◆ ASSIGNMENT
From the entries that follow, copy every line with the word "fixes".

[Collected data]

■ ■ ■ ■

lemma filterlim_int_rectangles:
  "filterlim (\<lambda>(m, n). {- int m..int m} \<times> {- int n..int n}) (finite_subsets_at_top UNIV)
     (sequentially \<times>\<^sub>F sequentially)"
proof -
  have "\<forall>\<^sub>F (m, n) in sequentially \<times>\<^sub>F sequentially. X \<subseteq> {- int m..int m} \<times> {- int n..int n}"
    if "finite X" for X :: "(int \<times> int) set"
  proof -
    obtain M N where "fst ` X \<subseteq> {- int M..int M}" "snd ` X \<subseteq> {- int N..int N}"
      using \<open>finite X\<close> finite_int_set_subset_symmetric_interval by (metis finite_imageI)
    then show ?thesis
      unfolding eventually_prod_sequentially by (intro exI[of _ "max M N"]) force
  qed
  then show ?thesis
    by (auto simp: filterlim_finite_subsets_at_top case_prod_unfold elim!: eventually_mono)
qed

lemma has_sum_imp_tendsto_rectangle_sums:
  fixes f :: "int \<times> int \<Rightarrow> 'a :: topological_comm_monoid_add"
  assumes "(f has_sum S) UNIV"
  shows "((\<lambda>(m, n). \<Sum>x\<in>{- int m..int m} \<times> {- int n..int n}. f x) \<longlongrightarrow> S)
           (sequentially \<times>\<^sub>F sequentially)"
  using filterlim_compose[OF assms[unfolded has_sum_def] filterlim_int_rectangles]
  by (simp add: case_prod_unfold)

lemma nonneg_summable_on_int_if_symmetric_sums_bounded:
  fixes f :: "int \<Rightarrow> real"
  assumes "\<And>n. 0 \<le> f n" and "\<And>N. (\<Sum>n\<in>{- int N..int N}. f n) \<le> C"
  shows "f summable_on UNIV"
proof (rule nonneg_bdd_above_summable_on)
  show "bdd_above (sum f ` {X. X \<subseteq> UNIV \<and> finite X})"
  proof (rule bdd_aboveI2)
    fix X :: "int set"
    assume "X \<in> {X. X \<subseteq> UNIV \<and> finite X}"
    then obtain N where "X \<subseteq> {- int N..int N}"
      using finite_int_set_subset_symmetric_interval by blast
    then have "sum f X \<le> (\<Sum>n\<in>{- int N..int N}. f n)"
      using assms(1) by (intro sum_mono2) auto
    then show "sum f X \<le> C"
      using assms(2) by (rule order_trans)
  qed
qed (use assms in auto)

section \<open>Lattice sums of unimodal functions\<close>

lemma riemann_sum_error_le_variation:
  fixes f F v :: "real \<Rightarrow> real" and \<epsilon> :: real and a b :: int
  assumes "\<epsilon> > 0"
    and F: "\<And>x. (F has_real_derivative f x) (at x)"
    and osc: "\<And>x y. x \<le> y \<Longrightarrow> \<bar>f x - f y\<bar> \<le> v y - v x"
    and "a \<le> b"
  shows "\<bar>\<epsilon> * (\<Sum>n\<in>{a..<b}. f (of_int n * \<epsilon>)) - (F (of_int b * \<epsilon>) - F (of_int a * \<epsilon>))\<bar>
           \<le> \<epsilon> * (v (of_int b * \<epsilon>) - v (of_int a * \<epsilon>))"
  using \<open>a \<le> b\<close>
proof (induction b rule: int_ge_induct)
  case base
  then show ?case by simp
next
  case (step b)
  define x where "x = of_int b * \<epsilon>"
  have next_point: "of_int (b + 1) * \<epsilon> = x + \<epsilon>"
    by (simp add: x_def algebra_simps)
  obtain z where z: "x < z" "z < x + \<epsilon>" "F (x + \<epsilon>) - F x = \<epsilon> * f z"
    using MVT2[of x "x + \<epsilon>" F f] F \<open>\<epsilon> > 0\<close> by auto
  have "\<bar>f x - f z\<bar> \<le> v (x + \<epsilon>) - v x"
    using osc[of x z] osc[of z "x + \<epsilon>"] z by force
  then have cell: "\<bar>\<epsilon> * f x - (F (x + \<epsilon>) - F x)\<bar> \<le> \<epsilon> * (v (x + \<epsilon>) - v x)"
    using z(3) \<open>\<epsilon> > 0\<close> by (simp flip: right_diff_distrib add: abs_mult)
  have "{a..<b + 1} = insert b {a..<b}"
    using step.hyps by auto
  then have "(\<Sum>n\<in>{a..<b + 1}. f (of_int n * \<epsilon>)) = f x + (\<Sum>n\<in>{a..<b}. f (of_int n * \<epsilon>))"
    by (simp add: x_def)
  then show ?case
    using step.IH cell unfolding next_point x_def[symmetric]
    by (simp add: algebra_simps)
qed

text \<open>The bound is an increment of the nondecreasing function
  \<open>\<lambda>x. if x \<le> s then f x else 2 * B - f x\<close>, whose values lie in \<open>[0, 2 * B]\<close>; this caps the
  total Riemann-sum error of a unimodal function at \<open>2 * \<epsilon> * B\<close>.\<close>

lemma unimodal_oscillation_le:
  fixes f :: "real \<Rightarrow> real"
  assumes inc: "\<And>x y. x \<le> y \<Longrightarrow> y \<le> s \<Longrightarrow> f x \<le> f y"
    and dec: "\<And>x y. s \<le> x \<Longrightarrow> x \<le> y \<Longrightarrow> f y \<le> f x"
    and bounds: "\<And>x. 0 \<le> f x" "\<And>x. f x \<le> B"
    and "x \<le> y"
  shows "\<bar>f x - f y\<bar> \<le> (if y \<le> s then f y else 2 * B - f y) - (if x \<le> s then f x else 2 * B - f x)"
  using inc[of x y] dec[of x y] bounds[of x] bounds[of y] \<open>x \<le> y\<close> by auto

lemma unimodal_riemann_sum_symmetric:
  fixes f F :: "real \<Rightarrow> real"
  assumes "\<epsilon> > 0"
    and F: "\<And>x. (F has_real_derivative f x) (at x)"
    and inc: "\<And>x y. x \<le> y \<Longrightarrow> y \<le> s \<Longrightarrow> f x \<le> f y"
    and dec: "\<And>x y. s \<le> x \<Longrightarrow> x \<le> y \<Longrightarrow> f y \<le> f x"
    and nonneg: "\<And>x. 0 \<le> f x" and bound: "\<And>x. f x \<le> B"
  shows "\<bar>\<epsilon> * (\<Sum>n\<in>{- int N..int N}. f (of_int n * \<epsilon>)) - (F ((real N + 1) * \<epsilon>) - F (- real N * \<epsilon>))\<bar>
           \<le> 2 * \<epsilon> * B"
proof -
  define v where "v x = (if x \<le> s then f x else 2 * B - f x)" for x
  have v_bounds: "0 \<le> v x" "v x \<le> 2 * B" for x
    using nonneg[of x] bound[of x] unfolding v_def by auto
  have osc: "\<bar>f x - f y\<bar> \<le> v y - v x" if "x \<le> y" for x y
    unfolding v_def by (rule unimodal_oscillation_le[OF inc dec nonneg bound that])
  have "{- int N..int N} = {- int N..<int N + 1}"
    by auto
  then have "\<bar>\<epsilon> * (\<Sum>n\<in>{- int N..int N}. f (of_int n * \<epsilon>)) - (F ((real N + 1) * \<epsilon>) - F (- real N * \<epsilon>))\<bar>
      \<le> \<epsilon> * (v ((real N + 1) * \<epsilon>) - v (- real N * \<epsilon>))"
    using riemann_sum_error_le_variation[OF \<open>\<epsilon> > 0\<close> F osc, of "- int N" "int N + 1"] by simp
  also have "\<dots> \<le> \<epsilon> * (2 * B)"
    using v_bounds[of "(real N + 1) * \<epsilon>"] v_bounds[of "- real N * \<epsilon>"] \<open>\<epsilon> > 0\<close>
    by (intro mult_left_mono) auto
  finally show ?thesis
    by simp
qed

■ ■ ■ ■

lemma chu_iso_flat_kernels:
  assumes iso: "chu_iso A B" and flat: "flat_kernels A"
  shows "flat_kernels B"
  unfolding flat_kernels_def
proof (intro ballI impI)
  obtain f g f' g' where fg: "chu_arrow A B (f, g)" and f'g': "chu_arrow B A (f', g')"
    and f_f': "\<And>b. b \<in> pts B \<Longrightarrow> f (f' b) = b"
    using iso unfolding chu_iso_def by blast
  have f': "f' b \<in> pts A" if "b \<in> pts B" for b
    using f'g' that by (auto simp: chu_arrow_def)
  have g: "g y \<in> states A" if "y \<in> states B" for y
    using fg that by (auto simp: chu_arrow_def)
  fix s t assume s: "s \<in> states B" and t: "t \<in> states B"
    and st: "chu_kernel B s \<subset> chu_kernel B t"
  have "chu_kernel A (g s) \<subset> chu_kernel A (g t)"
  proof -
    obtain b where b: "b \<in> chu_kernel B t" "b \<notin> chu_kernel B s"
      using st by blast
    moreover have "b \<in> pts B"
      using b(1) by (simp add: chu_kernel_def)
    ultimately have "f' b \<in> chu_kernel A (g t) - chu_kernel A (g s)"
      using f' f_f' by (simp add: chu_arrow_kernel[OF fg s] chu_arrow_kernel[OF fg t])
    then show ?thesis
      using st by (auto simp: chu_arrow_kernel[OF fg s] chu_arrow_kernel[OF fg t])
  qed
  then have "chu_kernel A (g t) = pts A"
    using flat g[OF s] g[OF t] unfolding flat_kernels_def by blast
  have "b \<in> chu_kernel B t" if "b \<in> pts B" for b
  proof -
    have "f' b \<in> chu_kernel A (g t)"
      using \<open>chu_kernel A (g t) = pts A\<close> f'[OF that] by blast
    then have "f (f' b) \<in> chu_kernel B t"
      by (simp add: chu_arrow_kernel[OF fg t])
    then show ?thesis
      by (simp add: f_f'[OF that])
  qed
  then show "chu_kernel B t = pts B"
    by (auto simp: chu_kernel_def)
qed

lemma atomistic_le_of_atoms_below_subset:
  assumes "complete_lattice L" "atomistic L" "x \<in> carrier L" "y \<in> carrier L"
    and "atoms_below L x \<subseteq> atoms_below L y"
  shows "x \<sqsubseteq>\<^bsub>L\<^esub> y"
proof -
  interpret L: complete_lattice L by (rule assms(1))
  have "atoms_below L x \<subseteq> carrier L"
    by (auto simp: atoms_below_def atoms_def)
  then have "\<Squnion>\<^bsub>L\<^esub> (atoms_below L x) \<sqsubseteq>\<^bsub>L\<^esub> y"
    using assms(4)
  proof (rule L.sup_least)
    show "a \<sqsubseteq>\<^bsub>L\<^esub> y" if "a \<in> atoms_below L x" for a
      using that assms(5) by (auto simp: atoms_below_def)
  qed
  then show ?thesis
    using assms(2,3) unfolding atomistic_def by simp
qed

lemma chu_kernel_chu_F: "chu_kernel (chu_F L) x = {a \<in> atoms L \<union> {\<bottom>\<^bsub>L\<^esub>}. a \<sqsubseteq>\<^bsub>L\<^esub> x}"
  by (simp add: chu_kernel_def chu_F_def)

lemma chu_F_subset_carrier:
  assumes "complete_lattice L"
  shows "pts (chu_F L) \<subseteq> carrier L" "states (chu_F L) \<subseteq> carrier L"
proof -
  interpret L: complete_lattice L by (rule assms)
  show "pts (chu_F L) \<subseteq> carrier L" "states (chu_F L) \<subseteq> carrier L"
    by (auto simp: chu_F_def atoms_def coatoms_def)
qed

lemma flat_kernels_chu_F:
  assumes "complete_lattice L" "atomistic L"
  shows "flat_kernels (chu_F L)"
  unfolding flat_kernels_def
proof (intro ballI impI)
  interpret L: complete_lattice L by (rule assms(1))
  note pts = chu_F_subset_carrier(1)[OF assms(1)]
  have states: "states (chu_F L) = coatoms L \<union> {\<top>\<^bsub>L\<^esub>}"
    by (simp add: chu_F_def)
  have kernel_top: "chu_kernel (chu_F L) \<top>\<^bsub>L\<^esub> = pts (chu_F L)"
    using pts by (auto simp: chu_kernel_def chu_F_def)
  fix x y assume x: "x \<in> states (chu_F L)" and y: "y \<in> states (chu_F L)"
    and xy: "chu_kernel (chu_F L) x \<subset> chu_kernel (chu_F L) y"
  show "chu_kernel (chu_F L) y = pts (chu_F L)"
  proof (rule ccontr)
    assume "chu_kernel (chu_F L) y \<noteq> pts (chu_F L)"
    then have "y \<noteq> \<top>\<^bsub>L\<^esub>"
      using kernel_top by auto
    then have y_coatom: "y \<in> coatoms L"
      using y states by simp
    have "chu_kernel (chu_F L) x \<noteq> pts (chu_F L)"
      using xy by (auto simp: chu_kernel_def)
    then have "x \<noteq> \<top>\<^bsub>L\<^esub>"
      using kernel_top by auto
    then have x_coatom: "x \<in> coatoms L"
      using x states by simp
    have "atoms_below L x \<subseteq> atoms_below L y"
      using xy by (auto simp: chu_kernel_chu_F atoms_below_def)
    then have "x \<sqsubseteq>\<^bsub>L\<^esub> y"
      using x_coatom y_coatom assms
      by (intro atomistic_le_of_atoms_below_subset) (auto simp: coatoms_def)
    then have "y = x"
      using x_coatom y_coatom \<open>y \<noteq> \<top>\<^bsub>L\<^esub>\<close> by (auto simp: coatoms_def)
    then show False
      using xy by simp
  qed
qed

■ ■ ■ ■

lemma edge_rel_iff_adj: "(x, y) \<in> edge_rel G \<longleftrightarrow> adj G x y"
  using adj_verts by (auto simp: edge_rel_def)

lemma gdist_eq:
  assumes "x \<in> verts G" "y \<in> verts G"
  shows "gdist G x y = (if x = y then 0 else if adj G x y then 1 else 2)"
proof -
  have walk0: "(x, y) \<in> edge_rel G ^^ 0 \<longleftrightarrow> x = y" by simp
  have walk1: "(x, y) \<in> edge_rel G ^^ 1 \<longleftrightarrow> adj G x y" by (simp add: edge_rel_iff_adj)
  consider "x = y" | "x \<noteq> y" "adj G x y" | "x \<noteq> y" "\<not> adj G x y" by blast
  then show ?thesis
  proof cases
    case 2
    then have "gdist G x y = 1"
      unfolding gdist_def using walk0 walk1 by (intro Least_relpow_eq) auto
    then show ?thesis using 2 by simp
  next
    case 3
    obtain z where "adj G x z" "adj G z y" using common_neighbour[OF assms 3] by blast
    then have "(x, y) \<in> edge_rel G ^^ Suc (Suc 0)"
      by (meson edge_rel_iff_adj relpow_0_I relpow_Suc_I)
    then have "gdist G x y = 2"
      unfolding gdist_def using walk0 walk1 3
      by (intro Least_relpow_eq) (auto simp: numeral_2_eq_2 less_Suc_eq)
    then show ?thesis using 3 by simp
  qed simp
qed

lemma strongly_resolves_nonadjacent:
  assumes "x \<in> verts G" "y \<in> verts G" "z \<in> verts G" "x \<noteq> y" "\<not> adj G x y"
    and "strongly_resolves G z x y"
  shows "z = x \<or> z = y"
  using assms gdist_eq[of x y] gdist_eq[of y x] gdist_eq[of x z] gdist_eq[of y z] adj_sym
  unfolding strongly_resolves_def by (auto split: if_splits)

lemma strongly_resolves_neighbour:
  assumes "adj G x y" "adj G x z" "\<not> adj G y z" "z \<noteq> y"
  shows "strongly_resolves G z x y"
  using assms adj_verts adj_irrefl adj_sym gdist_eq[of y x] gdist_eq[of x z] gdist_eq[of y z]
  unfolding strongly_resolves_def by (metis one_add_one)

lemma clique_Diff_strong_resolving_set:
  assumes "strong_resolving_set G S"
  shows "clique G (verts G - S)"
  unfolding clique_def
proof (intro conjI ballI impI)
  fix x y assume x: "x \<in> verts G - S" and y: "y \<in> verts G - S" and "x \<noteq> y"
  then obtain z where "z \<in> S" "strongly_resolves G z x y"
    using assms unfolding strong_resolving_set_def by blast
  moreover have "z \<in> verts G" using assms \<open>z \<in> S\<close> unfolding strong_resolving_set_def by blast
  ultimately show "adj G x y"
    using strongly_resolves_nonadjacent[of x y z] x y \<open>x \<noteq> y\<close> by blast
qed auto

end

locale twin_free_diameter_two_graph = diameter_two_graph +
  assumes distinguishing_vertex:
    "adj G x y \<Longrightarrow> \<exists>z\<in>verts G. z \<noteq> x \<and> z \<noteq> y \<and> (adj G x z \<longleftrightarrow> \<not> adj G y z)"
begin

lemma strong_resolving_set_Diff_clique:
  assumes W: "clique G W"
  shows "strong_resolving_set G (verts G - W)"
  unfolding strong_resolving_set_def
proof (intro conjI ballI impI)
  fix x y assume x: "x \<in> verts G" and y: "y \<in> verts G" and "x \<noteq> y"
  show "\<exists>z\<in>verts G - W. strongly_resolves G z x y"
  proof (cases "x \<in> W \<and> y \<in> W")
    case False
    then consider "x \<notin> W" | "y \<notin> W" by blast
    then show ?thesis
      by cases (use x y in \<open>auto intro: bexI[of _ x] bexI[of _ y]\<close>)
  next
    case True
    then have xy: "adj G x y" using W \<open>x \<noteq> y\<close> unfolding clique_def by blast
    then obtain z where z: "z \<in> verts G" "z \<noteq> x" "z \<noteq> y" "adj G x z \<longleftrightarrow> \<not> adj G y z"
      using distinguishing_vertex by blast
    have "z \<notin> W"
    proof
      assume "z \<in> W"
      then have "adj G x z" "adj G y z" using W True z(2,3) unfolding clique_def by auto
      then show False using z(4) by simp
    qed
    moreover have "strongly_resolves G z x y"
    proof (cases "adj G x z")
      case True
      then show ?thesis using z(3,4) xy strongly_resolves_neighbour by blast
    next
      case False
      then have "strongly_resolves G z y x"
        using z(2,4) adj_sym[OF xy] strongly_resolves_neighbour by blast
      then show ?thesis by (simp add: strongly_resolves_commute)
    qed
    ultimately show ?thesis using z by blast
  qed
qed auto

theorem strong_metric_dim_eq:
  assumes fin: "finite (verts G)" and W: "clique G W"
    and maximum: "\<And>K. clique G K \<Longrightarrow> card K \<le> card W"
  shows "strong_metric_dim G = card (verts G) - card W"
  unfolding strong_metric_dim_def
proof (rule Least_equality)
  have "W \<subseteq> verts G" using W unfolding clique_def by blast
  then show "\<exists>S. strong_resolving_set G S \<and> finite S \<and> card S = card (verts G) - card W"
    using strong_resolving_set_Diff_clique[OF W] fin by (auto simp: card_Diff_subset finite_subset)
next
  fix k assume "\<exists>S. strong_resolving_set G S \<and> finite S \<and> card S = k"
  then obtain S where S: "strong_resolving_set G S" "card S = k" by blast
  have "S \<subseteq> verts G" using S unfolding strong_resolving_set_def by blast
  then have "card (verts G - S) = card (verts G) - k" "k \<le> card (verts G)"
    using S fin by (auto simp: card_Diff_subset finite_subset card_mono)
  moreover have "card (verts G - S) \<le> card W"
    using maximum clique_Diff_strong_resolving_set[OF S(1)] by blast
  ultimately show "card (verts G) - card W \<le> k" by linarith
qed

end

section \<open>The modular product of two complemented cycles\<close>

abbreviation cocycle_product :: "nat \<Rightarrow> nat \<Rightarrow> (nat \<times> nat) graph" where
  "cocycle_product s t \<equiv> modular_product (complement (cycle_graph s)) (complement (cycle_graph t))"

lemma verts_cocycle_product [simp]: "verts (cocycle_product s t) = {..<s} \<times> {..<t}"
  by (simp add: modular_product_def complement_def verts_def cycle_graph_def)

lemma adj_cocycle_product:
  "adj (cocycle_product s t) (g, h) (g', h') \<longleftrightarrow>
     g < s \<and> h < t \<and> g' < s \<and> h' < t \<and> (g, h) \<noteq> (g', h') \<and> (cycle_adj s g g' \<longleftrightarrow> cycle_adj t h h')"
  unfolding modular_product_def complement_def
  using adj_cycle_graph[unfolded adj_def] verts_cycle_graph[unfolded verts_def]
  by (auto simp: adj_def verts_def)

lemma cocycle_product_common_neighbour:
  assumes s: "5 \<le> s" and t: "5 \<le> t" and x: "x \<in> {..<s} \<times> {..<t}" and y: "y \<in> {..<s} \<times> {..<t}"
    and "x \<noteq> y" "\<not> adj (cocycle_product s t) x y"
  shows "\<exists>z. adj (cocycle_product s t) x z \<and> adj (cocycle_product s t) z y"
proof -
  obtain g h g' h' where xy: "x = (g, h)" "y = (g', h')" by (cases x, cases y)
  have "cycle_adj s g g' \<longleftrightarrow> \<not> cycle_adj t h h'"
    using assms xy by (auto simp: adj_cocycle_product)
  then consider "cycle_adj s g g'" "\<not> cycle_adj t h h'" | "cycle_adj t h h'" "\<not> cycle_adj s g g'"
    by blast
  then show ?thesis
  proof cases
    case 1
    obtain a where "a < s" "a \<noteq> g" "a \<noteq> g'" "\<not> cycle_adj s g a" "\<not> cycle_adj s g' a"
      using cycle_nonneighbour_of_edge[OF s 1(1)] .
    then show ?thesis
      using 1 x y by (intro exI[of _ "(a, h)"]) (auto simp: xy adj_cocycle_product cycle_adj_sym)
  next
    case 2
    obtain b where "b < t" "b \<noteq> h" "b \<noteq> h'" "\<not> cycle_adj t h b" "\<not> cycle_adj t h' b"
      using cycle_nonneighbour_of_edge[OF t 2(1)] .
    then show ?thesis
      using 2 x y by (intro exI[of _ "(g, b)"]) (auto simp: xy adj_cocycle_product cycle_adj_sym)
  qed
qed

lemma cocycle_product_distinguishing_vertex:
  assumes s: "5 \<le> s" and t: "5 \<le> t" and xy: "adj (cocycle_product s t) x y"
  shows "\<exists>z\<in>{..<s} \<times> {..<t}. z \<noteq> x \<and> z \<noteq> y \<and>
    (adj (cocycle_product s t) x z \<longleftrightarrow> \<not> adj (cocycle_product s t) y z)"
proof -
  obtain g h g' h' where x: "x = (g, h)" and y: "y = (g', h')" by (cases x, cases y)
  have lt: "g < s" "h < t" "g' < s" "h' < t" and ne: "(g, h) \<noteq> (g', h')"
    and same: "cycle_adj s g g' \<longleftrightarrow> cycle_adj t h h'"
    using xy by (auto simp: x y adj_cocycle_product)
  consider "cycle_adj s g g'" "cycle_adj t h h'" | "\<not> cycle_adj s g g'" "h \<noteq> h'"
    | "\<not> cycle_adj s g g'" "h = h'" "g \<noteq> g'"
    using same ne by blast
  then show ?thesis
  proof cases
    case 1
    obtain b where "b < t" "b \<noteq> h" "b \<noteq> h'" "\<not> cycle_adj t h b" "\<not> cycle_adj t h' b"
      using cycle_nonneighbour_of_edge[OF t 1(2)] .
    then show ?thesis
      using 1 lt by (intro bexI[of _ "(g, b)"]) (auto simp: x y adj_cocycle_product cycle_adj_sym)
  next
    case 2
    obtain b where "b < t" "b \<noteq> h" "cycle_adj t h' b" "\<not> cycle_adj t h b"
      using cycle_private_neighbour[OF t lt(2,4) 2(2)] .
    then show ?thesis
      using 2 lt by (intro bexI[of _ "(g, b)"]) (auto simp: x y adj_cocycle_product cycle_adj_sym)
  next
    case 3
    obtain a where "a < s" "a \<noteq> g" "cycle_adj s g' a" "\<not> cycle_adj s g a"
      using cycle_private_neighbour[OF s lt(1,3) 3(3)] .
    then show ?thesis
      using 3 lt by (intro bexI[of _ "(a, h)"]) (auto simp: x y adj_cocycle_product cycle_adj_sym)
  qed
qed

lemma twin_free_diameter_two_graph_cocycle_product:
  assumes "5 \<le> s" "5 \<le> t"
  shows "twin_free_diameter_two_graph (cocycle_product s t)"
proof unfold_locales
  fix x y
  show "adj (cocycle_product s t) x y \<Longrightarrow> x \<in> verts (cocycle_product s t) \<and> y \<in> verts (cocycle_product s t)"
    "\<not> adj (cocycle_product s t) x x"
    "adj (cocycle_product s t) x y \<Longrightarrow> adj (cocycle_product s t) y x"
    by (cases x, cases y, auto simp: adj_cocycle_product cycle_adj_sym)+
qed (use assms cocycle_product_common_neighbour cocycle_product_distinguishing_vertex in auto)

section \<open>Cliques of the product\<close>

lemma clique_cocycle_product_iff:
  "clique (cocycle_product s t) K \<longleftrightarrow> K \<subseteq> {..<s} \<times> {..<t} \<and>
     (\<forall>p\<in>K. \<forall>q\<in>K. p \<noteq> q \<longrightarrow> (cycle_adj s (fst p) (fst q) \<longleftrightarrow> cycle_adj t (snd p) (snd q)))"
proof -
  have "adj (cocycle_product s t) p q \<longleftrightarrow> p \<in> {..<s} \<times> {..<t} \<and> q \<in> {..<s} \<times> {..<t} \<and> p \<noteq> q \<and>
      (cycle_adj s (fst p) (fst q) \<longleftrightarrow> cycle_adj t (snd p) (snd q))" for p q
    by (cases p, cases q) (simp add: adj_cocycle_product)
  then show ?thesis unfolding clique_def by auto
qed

■ ■ ■ ■

◆ WRITTEN ANSWER
  fixes f :: "int \<times> int \<Rightarrow> 'a :: topological_comm_monoid_add"
  fixes f :: "int \<Rightarrow> real"
  fixes f F v :: "real \<Rightarrow> real" and \<epsilon> :: real and a b :: int
  fixes f :: "real \<Rightarrow> real"
  fixes f F :: "real \<Rightarrow> real"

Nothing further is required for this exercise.